From the top of the records below, return each line exactly, ending with the line that contains "by (intro binomial_times_lower_tail_le[OF".
──────
lemma binomial_times_support_failure_bound_le:
  assumes n: "sufficiently_large n" and c: "10^4 \<le> c" "c \<le> real n / 10^10"
    and m: "real m = c * real n" and k: "2 \<le> k" "k \<le> n" "exp (- c / 6) * real n \<le> real k"
  shows "real (n choose k) * support_failure_bound n m c k \<le> 2 * real n powr (-17)"
proof -
  define p d t where "p = real m / real (n choose 2)"
    and "d = real ((n choose 2) - ((n - k) choose 2))" and "t = nat \<lceil>c * real k / 900\<rceil>"
  define x where "x = 20000 * c / real n"
  have n100: "100 \<le> real n" using sufficiently_large_ge[OF n] .
  have lower: "real (n choose k) * exp (- (93/100) * (p * d)) \<le> real n powr (-17)"
    using expected_edges_meeting_ge[OF n100 k(2) m] c unfolding p_def d_def
    by (intro binomial_times_lower_tail_le[OF n c(1) k(1,3)]) auto
  have t: "c * real k / 900 \<le> real t" unfolding t_def by (rule real_nat_ceiling_ge)
  have base: "0 \<le> exp 1 * d * p^2 / real t" "exp 1 * d * p^2 / real t \<le> x"
    using upper_tail_ratio_le[OF n100 _ k(2) m _ t] k c
    unfolding p_def d_def x_def by auto
  have x: "0 < x" "x \<le> 1" using c n100 unfolding x_def by (auto simp: field_simps)
  have "(exp 1 * d * p^2 / real t) ^ t \<le> x ^ t" by (rule power_mono[OF base(2,1)])
  also have "\<dots> \<le> x powr (c * real k / 900)" using x t by (simp add: powr_realpow[symmetric] powr_mono')
  finally have power: "(exp 1 * d * p^2 / real t) ^ t \<le> x powr (c * real k / 900)" .
  have "real ((n choose k) * fact k) \<le> real (n ^ k)"
    using binomial_fact_pow[of n k] by (simp only: of_nat_le_iff)
  then have binomial: "real (n choose k) * fact k \<le> real n ^ k" by simp
  have "real (n choose k) * fact k * (exp 1 * d * p^2 / real t) ^ t \<le> real n ^ k * x powr (c * real k / 900)"
    by (rule mult_mono[OF binomial power]) (use base in auto)
  also have "\<dots> \<le> real n powr (-17)"
    unfolding x_def by (rule power_times_upper_tail_le[OF n c k(1,3)])
  finally have upper: "real (n choose k) * fact k * (exp 1 * d * p^2 / real t) ^ t \<le> real n powr (-17)" .
  have "real (n choose k) * support_failure_bound n m c k
      = real (n choose k) * exp (- (93/100) * (p * d)) + real (n choose k) * fact k * (exp 1 * d * p^2 / real t) ^ t"
    unfolding support_failure_bound_def Let_def p_def d_def t_def by (simp only: distrib_left mult.assoc)
  then show ?thesis using lower upper by linarith
qed

lemma not_asymmetric_obtain_large_derangement:
  assumes n: "0 < n" and E: "E \<in> graphs_nm n m" and m: "real m = c * real n" and c: "0 \<le> c"
    and \<beta>: "max (exp (- c / 6)) (1 / real n) \<le> \<beta>" and not_asym: "\<not> asymmetric n E \<beta> (\<beta> / 240)"
  obtains \<pi> S where "S \<subseteq> {0..<n}" "2 \<le> card S" "exp (- c / 6) * real n \<le> real (card S)"
    "\<pi> \<in> derangements S" "real (card (broken_edges E \<pi>)) \<le> c * real (card S) / 240"
proof -
  have "finite E" "card E = m"
    using E finite_subset[OF _ finite_all_edges] unfolding graphs_nm_def by auto
  with not_asym obtain \<pi> S where S: "S \<subseteq> {0..<n}" "\<pi> \<in> derangements S" "\<beta> * real n \<le> real (card S)"
    and broken: "real (card (broken_edges E \<pi>)) \<le> \<beta> / 240 * real m"
    by (metis not_asymmetric_obtain_derangement)
  have "exp (- c / 6) * real n \<le> \<beta> * real n" "1 \<le> \<beta> * real n"
    using n \<beta> by (auto simp: field_simps intro: mult_right_mono)
  then have large: "exp (- c / 6) * real n \<le> real (card S)" "S \<noteq> {}" using S(3) by auto
  have "c * (\<beta> * real n) \<le> c * real (card S)" using S(3) c by (intro mult_left_mono) auto
  then have "real (card (broken_edges E \<pi>)) \<le> c * real (card S) / 240"
    using broken m by (simp add: field_simps)
  moreover have "2 \<le> card S"
    using two_le_card_derangement_support[OF S(2) finite_subset[OF S(1)]] large by simp
  ultimately show thesis using that[of S \<pi>] S large by blast
qed

text \<open>Union bound over all supports \<open>S\<close> of a large derangement, grouped by \<open>card S\<close>.\<close>
lemma card_graphs_nm_not_asymmetric_le:
  fixes n m :: nat and c :: real
  assumes n: "sufficiently_large n" and m: "real m = c * real n" and c: "10^4 \<le> c" "c \<le> real n / 10^10"
  shows "real (card {E \<in> graphs_nm n m. \<not> (\<forall>\<beta>. max (exp (- c / 6)) (1 / real n) \<le> \<beta> \<longrightarrow> \<beta> \<le> 1 \<longrightarrow>
                          asymmetric n E \<beta> (\<beta> / 240))})
    \<le> real n powr (-15) * real (card (graphs_nm n m))"
proof -
  define SS where "SS = {S. S \<subseteq> {0..<n} \<and> 2 \<le> card S \<and> exp (- c / 6) * real n \<le> real (card S)}"
  define Bad where "Bad S = {E \<in> graphs_nm n m. \<exists>\<pi>\<in>derangements S.
                        real (card (broken_edges E \<pi>)) \<le> c * real (card S) / 240}" for S
  have n100: "100 \<le> real n" using sufficiently_large_ge[OF n] .
  have m_le: "m \<le> n choose 2" using n100 m c(2) by (rule edges_le_choose_two)
  have fSS: "finite SS" unfolding SS_def by (rule finite_subset[of _ "Pow {0..<n}"]) auto
  have "{E \<in> graphs_nm n m. \<not> (\<forall>\<beta>. max (exp (- c / 6)) (1 / real n) \<le> \<beta> \<longrightarrow> \<beta> \<le> 1 \<longrightarrow>
                          asymmetric n E \<beta> (\<beta> / 240))} \<subseteq> (\<Union>S\<in>SS. Bad S)"
  proof
    fix E assume "E \<in> {E \<in> graphs_nm n m. \<not> (\<forall>\<beta>. max (exp (- c / 6)) (1 / real n) \<le> \<beta> \<longrightarrow>
                          \<beta> \<le> 1 \<longrightarrow> asymmetric n E \<beta> (\<beta> / 240))}"
    then obtain \<beta> where E: "E \<in> graphs_nm n m" and \<beta>: "max (exp (- c / 6)) (1 / real n) \<le> \<beta>"
      and not_asym: "\<not> asymmetric n E \<beta> (\<beta> / 240)" by auto
    have "0 < n" "0 \<le> c" using n100 c by auto
    then obtain \<pi> S where "S \<subseteq> {0..<n}" "2 \<le> card S" "exp (- c / 6) * real n \<le> real (card S)"
      "\<pi> \<in> derangements S" "real (card (broken_edges E \<pi>)) \<le> c * real (card S) / 240"
      by (rule not_asymmetric_obtain_large_derangement[OF _ E m _ \<beta> not_asym])
    then have "S \<in> SS" "E \<in> Bad S" unfolding SS_def Bad_def using E by auto
    then show "E \<in> (\<Union>S\<in>SS. Bad S)" by blast
  qed
  then have "real (card {E \<in> graphs_nm n m. \<not> (\<forall>\<beta>. max (exp (- c / 6)) (1 / real n) \<le> \<beta> \<longrightarrow>
                          \<beta> \<le> 1 \<longrightarrow> asymmetric n E \<beta> (\<beta> / 240))})
      \<le> real (card (\<Union>S\<in>SS. Bad S))"
    using fSS finite_graphs_nm[of n m] unfolding Bad_def by (intro of_nat_mono card_mono) auto
  also have "\<dots> \<le> (\<Sum>S\<in>SS. real (card (Bad S)))" using fSS by (rule real_card_UN_le)
  also have "\<dots> \<le> (\<Sum>S\<in>SS. support_failure_bound n m c (card S) * real (card (graphs_nm n m)))"
    using card_graphs_nm_bad_support_le[OF n100 _ _ m m_le c(1)] unfolding SS_def Bad_def
    by (intro sum_mono) auto
  also have "\<dots> = (\<Sum>S\<in>SS. support_failure_bound n m c (card S)) * real (card (graphs_nm n m))"
    by (simp add: sum_distrib_right)
  also have "\<dots> \<le> ((real n + 1) * (2 * real n powr (-17))) * real (card (graphs_nm n m))"
  proof (intro mult_right_mono sum_subsets_by_card_le)
    fix S assume "S \<in> SS"
    then show "real (n choose card S) * support_failure_bound n m c (card S) \<le> 2 * real n powr (-17)"
      unfolding SS_def using card_mono[of "{0..<n}" S]
      by (intro binomial_times_support_failure_bound_le[OF n c m]) auto
    show "0 \<le> support_failure_bound n m c (card S)"
      unfolding support_failure_bound_def Let_def by simp
  qed (auto simp: SS_def)
  also have "\<dots> \<le> real n powr (-15) * real (card (graphs_nm n m))"
    using succ_times_powr_le[OF n100] by (rule mult_right_mono) simp
  finally show ?thesis .
qed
──────
* **RESPONSE**:
lemma binomial_times_support_failure_bound_le:
  assumes n: "sufficiently_large n" and c: "10^4 \<le> c" "c \<le> real n / 10^10"
    and m: "real m = c * real n" and k: "2 \<le> k" "k \<le> n" "exp (- c / 6) * real n \<le> real k"
  shows "real (n choose k) * support_failure_bound n m c k \<le> 2 * real n powr (-17)"
proof -
  define p d t where "p = real m / real (n choose 2)"
    and "d = real ((n choose 2) - ((n - k) choose 2))" and "t = nat \<lceil>c * real k / 900\<rceil>"
  define x where "x = 20000 * c / real n"
  have n100: "100 \<le> real n" using sufficiently_large_ge[OF n] .
  have lower: "real (n choose k) * exp (- (93/100) * (p * d)) \<le> real n powr (-17)"
    using expected_edges_meeting_ge[OF n100 k(2) m] c unfolding p_def d_def
    by (intro binomial_times_lower_tail_le[OF n c(1) k(1,3)]) auto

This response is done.